I am blogging two days in a row! (Students, please don’t overuse the
exclamation point. It’s annoying!) This would be more of an accomplishment if I didn’t have a stack of portfolios to grade. Procrastination brings out theblogger, baker, duster, picture taker, and candlestick maker in me. I find it funny that I’m always lecturing my students on the pitfalls of procrastination, and here I sit in my office, unproductive, and trying to determine the effectsof artificial illumination on my profile using my camera phone. Ummm, either way, I’m starting to look like I’m in my thirties. Ancient and a baby,depending on the perspective.
Yesterday was a good day. Logan got to spend some time with Papa and
Allie. They ate green popsicles, Logan’s favorite, and played various games that probably only make sense to a 3-year-old and a doting grandfather. I had dinner with Mom, Sarah, Maggie, and Michelle. It’s fun to relive humiliating moments from childhood and forget responsibilities for a while. Yes, yesterday was a good day.
I don’t say this to make others feel bad. If you had a bad day yesterday,
I feel for you. I understand. I have plenty of bad days, filled with dishes
overflowing in the sink, superhero stickers stuck to my feet, and irate students with complaints about due dates and misplaced flash drives. However, I don’t usually post those moments on face book. (Well, maybe the superhero sticker, as it was retrieved by dermatologist when scanning me for moles. When she said, “Now what do we have here?” Though relieving, it definitely wasn’t what I was expecting to find at the dermatologist.”)
Most people don’t write about the horrors of the everyday. Instead, they write about how amazing their gourmet meal tasted, the flowers their incredible spouse sent for no reason whatsoever, and the witty things their children say. I’m not accusing anyone of being fake, and I think it’s wonderful if your life is just that amazing. However, for most of us, it’s a
mixture.
I have moments where I feel like God designed the sunset just for me, and I’m tearing up because the bird’s song is the perfect soundtrack to how alive I feel. (Of course, I wouldn’t actually write that one Facebook either because it sounded completely cheesy.) I am excited to get back to the classroom in a few weeks knowing that I’m really going to make a difference. Look how my hollyhock is flourishing, and aren’t we just so blessed. The Lord is good!

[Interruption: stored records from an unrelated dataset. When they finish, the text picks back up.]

(* Let $S$ be a set of $k$ vertices carrying a $d$-regular bipartite graph with adjacency matrix $A|_{S\times S}$, where $d=\gamma pk$, $\gamma\ge1/2$ and $p\ge5\left(\frac{\log k}{\gamma^4k}\right)^{1/6}$. Let $\tau\ge d/2$, let $\mathbf v^{(1)},\dots,\mathbf v^{(L)}$ ($L=L_{-\tau}\ge1$) be orthonormal eigenvectors of $A|_{S\times S}$ spanning the eigenspaces with eigenvalue $\le-\tau$, and let $\mathbf w^{(i)}$, $i\in S$, be the spectral embedding vectors. Let $N\subseteq S$ be a random subset containing each $i\in S$ independently with probability $p$ (e.g. $N=N(j)\cap S$ for fixed $j\in V\setminus S$). Then for an arbitrary unit vector $\mathbf y\in\mathbb R^L$, with probability at least $1-O(1/k^4)$, $$\sum_{i\in N}\langle\mathbf y,\mathbf w^{(i)}\rangle^2\ge \frac p2.$$
   Context: Spectral embedding: let $W$ be the $L\times k$ matrix whose rows are $\mathbf v^{(1)},\dots,\mathbf v^{(L)}$ (indexed by $S$); for $i\in S$, $\mathbf w^{(i)}\in\mathbb R^L$ is the $i$-th column of $W$, i.e. $w^{(i)}_r=v^{(r)}_i$. *)

theory Defs
  imports Complex_Main
begin

definition adj :: "(nat \<Rightarrow> nat \<Rightarrow> bool) \<Rightarrow> nat \<Rightarrow> nat \<Rightarrow> real" where
  "adj E i j = (if E i j then 1 else 0)"

definition simple_graph_on :: "nat set \<Rightarrow> (nat \<Rightarrow> nat \<Rightarrow> bool) \<Rightarrow> bool" where
  "simple_graph_on S E \<longleftrightarrow> (\<forall>i j. E i j \<longrightarrow> i \<in> S \<and> j \<in> S) \<and>
     (\<forall>i j. E i j \<longrightarrow> E j i) \<and> (\<forall>i. \<not> E i i)"

definition bipartite_on :: "nat set \<Rightarrow> (nat \<Rightarrow> nat \<Rightarrow> bool) \<Rightarrow> bool" where
  "bipartite_on S E \<longleftrightarrow> (\<exists>X \<subseteq> S. \<forall>i\<in>S. \<forall>j\<in>S. E i j \<longrightarrow> (i \<in> X \<longleftrightarrow> j \<notin> X))"

definition regular_on :: "nat set \<Rightarrow> (nat \<Rightarrow> nat \<Rightarrow> bool) \<Rightarrow> nat \<Rightarrow> bool" where
  "regular_on S E d \<longleftrightarrow> (\<forall>i\<in>S. card {j\<in>S. E i j} = d)"

definition is_eigvec_on :: "nat set \<Rightarrow> (nat \<Rightarrow> nat \<Rightarrow> real) \<Rightarrow> real \<Rightarrow> (nat \<Rightarrow> real) \<Rightarrow> bool" where
  "is_eigvec_on S M \<mu> x \<longleftrightarrow> (\<exists>i\<in>S. x i \<noteq> 0) \<and> (\<forall>i\<in>S. (\<Sum>j\<in>S. M i j * x j) = \<mu> * x i)"

text \<open>Probability that a random subset N of S, containing each element independently
  with probability p, satisfies P (product Bernoulli measure).\<close>
definition subset_prob :: "real \<Rightarrow> nat set \<Rightarrow> (nat set \<Rightarrow> bool) \<Rightarrow> real" where
  "subset_prob p S P = (\<Sum>N\<in>Pow S. if P N then p ^ card N * (1 - p) ^ (card S - card N) else 0)"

Then, moments later, I’m yelling at Logan for being 3-years-old, and I’m cursing the laundry pile for being a laundry pile, and I’m tripping over whatever is around to trip over. Life sucks, and I don’t know how to make it better, so I pull up Facebook.

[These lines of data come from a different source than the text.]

(* Let $\mathcal{C}$ be a category. The functor $\mathcal G\colon\mathbf{Comon}\to\mathbf{Cat}/\mathcal{C}^{\mathbf 2}$ sending a comonad over $\mathrm{dom}$ $\mathsf L$ to $U_{\mathsf L}\colon\mathsf L\text{-}\mathbf{Map}\to\mathcal{C}^{\mathbf 2}$ is lax monoidal from $(\mathbf{Comon},\otimes,I)$ to $(\mathbf{Cat}/\mathcal{C}^{\mathbf 2},\bullet,\mathcal I)$.
   Context: $\mathcal{C}^{\mathbf 2}$ is the arrow category. $\mathbf{Comon}$: objects are comonads over $\mathrm{dom}$, i.e. functorial factorisations $(E,\lambda,\rho)$ ($E\colon\mathcal{C}^{\mathbf 2}\to\mathcal{C}$, natural $\lambda\colon\mathrm{dom}\Rightarrow E$, $\rho\colon E\Rightarrow\mathrm{cod}$, $\rho_f\lambda_f=f$) with natural $\sigma_f\colon Ef\to E(\lambda_f)$, $\sigma_f\lambda_f=\lambda_{\lambda_f}$, $\rho_{\lambda_f}\sigma_f=1$, $E(1_X,\rho_f)\sigma_f=1$, $E(1_X,\sigma_f)\sigma_f=\sigma_{\lambda_f}\sigma_f$; morphisms natural $\alpha\colon E\Rightarrow E'$ with $\alpha\lambda=\lambda'$, $\rho'\alpha=\rho$, $\sigma'_f\alpha_f=\alpha_{\lambda'_f}E(1_X,\alpha_f)\sigma_f$. Unit $I$: $E=\mathrm{dom}$, $\lambda=1$, $\rho=\kappa$ (so $I$-coalgebras are exactly the isomorphisms). Tensor: $\mathsf L^2\otimes\mathsf L^1$ has factorisation $X\xrightarrow{\lambda^2_{\rho^1_f}\lambda^1_f}E^2(\rho^1_f)\xrightarrow{\rho^2_{\rho^1_f}}Y$ and comultiplication $E^2(E^1(1_X,\lambda^2_{\rho^1_f}),1_Y)\circ E^2(\sigma^1_f,1_Y)\circ\sigma^2_{\rho^1_f}$; on morphisms $(\beta\otimes\alpha)_f=\beta_{\nu_f}E^2(\alpha_f,1_Y)$ where $\nu$ is the right part of the codomain of $\alpha$. $\mathsf L\text{-}\mathbf{Map}$: objects $(f,s)$, $s\colon Y\to Ef$, $sf=\lambda_f$, $\rho_fs=1_Y$, $\sigma_fs=E(1_X,s)s$; morphisms squares with $tk=E(h,k)s$. On morphisms, $\mathcal G(\alpha)$ sends $(f,s)$ to $(f,\alpha_fs)$. $(\bullet,\mathcal I)$ on $\mathbf{Cat}/\mathcal{C}^{\mathbf 2}$: $\mathcal I=(\mathcal{C}\to\mathcal{C}^{\mathbf 2},X\mapsto1_X)$; $\mathcal A\bullet\mathcal B$ is the pullback of $\mathrm{cod}\circ U_{\mathcal B}$ and $\mathrm{dom}\circ U_{\mathcal A}$, with projection $(b,a)\mapsto U_{\mathcal A}a\circ U_{\mathcal B}b$. *)

theory Defs
  imports Main
begin
lemma lex_reducible_insert_max:
  assumes "\<rho> \<subseteq> E - {m}"
  shows "lex_reducible V E (insert m \<rho>) \<longleftrightarrow>
    lex_reducible (avoiding m V) (E - {m}) \<rho> \<or> lex_reducible (link m V) (E - {m}) \<rho>"
proof -
  let ?L = "lex_smaller (E - {m}) \<rho>"
  have "m \<notin> \<rho>" using assms by blast
  have fin: "finite ?L" using finite_E by (simp add: finite_lex_smaller)
  have "\<rho> \<notin> ?L \<union> insert m ` ?L"
    using \<open>m \<notin> \<rho>\<close> set_lex_less_irrefl unfolding lex_smaller_def by blast
  then have "lex_reducible V E (insert m \<rho>) \<longleftrightarrow>
      (\<exists>t. in_monom_span V (?L \<union> insert m ` ?L) (\<lambda>B. set_monom_val (insert m \<rho>) B - t * set_monom_val \<rho> B))"
    unfolding lex_reducible_def lex_smaller_insert_max[OF assms]
      lex_smaller_remove_max[OF assms]
    using fin by (simp add: in_monom_span_insert)
  also have "\<dots> \<longleftrightarrow> (\<exists>t. in_monom_span (avoiding m V) ?L (\<lambda>B. (- t) * set_monom_val \<rho> B) \<and>
      in_monom_span (link m V) ?L (\<lambda>B. (1 - t) * set_monom_val \<rho> B))"
  proof -
    have "set_monom_val (insert m \<rho>) B - t * set_monom_val \<rho> B = (- t) * set_monom_val \<rho> B"
      if "B \<in> avoiding m V" for B t
      using that \<open>m \<notin> \<rho>\<close> by (simp add: avoiding_def set_monom_val_insert_max(3))
    moreover have "set_monom_val (insert m \<rho>) (insert m B) - t * set_monom_val \<rho> (insert m B) =
        (1 - t) * set_monom_val \<rho> B" if "B \<in> link m V" for B t
      using that \<open>m \<notin> \<rho>\<close> by (simp add: mem_link_iff set_monom_val_insert_max(1,2) algebra_simps)
    ultimately show ?thesis
      using fin notin_lex_smaller_remove
      by (simp add: in_monom_span_insert_max_split cong: in_monom_span_cong)
  qed
  \<comment> \<open>take t = 1 if x^\<rho> is a combination on the avoiding part, t = 0 otherwise\<close>
  also have "\<dots> \<longleftrightarrow> lex_reducible (avoiding m V) (E - {m}) \<rho> \<or> lex_reducible (link m V) (E - {m}) \<rho>"
    unfolding in_monom_span_scale_iff lex_reducible_def by force
  finally show ?thesis .
qed

lemma mem_lex_standard_complex_remove_max:
  assumes "\<tau> \<subseteq> E"
  shows "\<tau> \<in> lex_standard_complex E V \<longleftrightarrow>
    (if m \<in> \<tau>
     then \<tau> - {m} \<in> lex_standard_complex (E - {m}) (avoiding m V) \<inter> lex_standard_complex (E - {m}) (link m V)
     else \<tau> \<in> lex_standard_complex (E - {m}) (avoiding m V) \<union> lex_standard_complex (E - {m}) (link m V))"
proof -
  have "finite (E - {m})" using finite_E by simp
  note lsc_eq = lex_standard_complex_eq[OF finite_E] lex_standard_complex_eq[OF this]
  show ?thesis
  proof (cases "m \<in> \<tau>")
    case True
    have "\<tau> - {m} \<subseteq> E - {m}" using assms by auto
    then have "lex_reducible V E \<tau> \<longleftrightarrow>
        lex_reducible (avoiding m V) (E - {m}) (\<tau> - {m}) \<or> lex_reducible (link m V) (E - {m}) (\<tau> - {m})"
      using lex_reducible_insert_max[of "\<tau> - {m}" V] True by (simp add: insert_absorb)
    then show ?thesis
      unfolding lsc_eq using True assms \<open>\<tau> - {m} \<subseteq> E - {m}\<close> by auto
  next
    case False
    then have "\<tau> \<subseteq> E - {m}" using assms by auto
    then show ?thesis
      unfolding lsc_eq using False lex_reducible_remove_max by auto
  qed
qed

lemma lex_standard_complex_remove_max:
  "lex_standard_complex E V =
     lex_standard_complex (E - {m}) (avoiding m V) \<union> lex_standard_complex (E - {m}) (link m V)
     \<union> cone m (lex_standard_complex (E - {m}) (avoiding m V) \<inter> lex_standard_complex (E - {m}) (link m V))"
    (is "_ = ?S0 \<union> ?S1 \<union> cone m (?S0 \<inter> ?S1)")
proof (intro set_eqI iffI)
  fix \<tau> assume \<tau>: "\<tau> \<in> lex_standard_complex E V"
  then have "\<tau> \<subseteq> E" by (simp add: lex_standard_complex_def)
  then have mem: "if m \<in> \<tau> then \<tau> - {m} \<in> ?S0 \<inter> ?S1 else \<tau> \<in> ?S0 \<union> ?S1"
    using \<tau> mem_lex_standard_complex_remove_max by blast
  show "\<tau> \<in> ?S0 \<union> ?S1 \<union> cone m (?S0 \<inter> ?S1)"
  proof (cases "m \<in> \<tau>")
    case True
    then have "\<tau> = insert m (\<tau> - {m})" by auto
    then show ?thesis
      using mem True unfolding cone_def by auto
  next
    case False
    then show ?thesis using mem by simp
  qed
next
  fix \<tau> assume "\<tau> \<in> ?S0 \<union> ?S1 \<union> cone m (?S0 \<inter> ?S1)"
  then consider "\<tau> \<in> ?S0 \<union> ?S1" | \<sigma> where "\<sigma> \<in> ?S0 \<inter> ?S1" "\<tau> = insert m \<sigma>"
    unfolding cone_def by blast
  then show "\<tau> \<in> lex_standard_complex E V"
  proof cases
    case 1
    then have "\<tau> \<subseteq> E" "m \<notin> \<tau>" by (auto simp: lex_standard_complex_def)
    then show ?thesis
      using 1 mem_lex_standard_complex_remove_max[of \<tau> V] by simp
  next
    case 2
    then have "\<sigma> \<subseteq> E - {m}" by (auto simp: lex_standard_complex_def)
    then have "insert m \<sigma> \<subseteq> E" "insert m \<sigma> - {m} = \<sigma>" using max_in_E by auto
    then show ?thesis
      using 2 mem_lex_standard_complex_remove_max[of "insert m \<sigma>" V] by simp
  qed
qed

end

theorem theorem1p1:
  fixes E :: "nat set" and \<B> :: "nat set set" and m :: nat
  assumes "matroid_bases E \<B>" and "E \<noteq> {}" and "m = Max E"
  shows "(\<not> is_loop \<B> m \<and> \<not> is_coloop \<B> m \<longrightarrow>
            lex_standard_complex E \<B> =
              lex_standard_complex (E - {m}) (del_bases \<B> m)
              \<union> lex_standard_complex (E - {m}) (con_bases \<B> m)
              \<union> cone m (lex_standard_complex (E - {m}) (del_bases \<B> m)
                         \<inter> lex_standard_complex (E - {m}) (con_bases \<B> m)))
       \<and> (is_coloop \<B> m \<longrightarrow>
            lex_standard_complex E \<B> = lex_standard_complex (E - {m}) (del_bases \<B> m))
       \<and> (is_loop \<B> m \<longrightarrow>
            lex_standard_complex E \<B> = lex_standard_complex (E - {m}) (con_bases \<B> m))"
proof -
  have "finite E" using assms(1) by (simp add: matroid_bases_def)
  then interpret finite_with_max E m
    using assms(2,3) by unfold_locales simp_all
  have "lex_standard_complex (E - {m}) {} = {}" "cone m {} = {}"
    using finite_E by (simp_all add: lex_standard_complex_no_points cone_def)
  moreover have "del_bases \<B> m = avoiding m \<B>" if "\<not> is_coloop \<B> m"
    using that by (simp add: del_bases_def avoiding_def)
  moreover have "con_bases \<B> m = link m \<B>" if "\<not> is_loop \<B> m"
    using that by (simp add: con_bases_def link_def)
  moreover have "avoiding m \<B> = {}" "del_bases \<B> m = link m \<B>" if "is_coloop \<B> m"
    using that by (auto simp: is_coloop_def del_bases_def avoiding_def link_def)
  moreover have "link m \<B> = {}" "con_bases \<B> m = avoiding m \<B>" if "is_loop \<B> m"
    using that by (auto simp: is_loop_def con_bases_def avoiding_def link_def)
  ultimately show ?thesis
    using lex_standard_complex_remove_max[of \<B>] by auto
qed

end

Oh look, so and so got another diamond just for being her. How did he make that fancy French dish without the burned edges and runny middle? Why do their children and kitchen floors always look so freakin clean? Where are the peanut butter and jelly smudges? Where are the overdue library books? Awww, look at the kitty kissing the duck. I feel better for a moment until the guilt kicks in and the sound of Logan’s voice.
Mama, I wanna dog for my own.
You can’t have a dog.
Why not?
Because.
Because why?
(Because as much as I love dogs, they are dirty and smelly, and I have
enough dirt and stink to take care of without adding Rover to the
mix.)
Because Daddy’s allergic.
Oh the lies…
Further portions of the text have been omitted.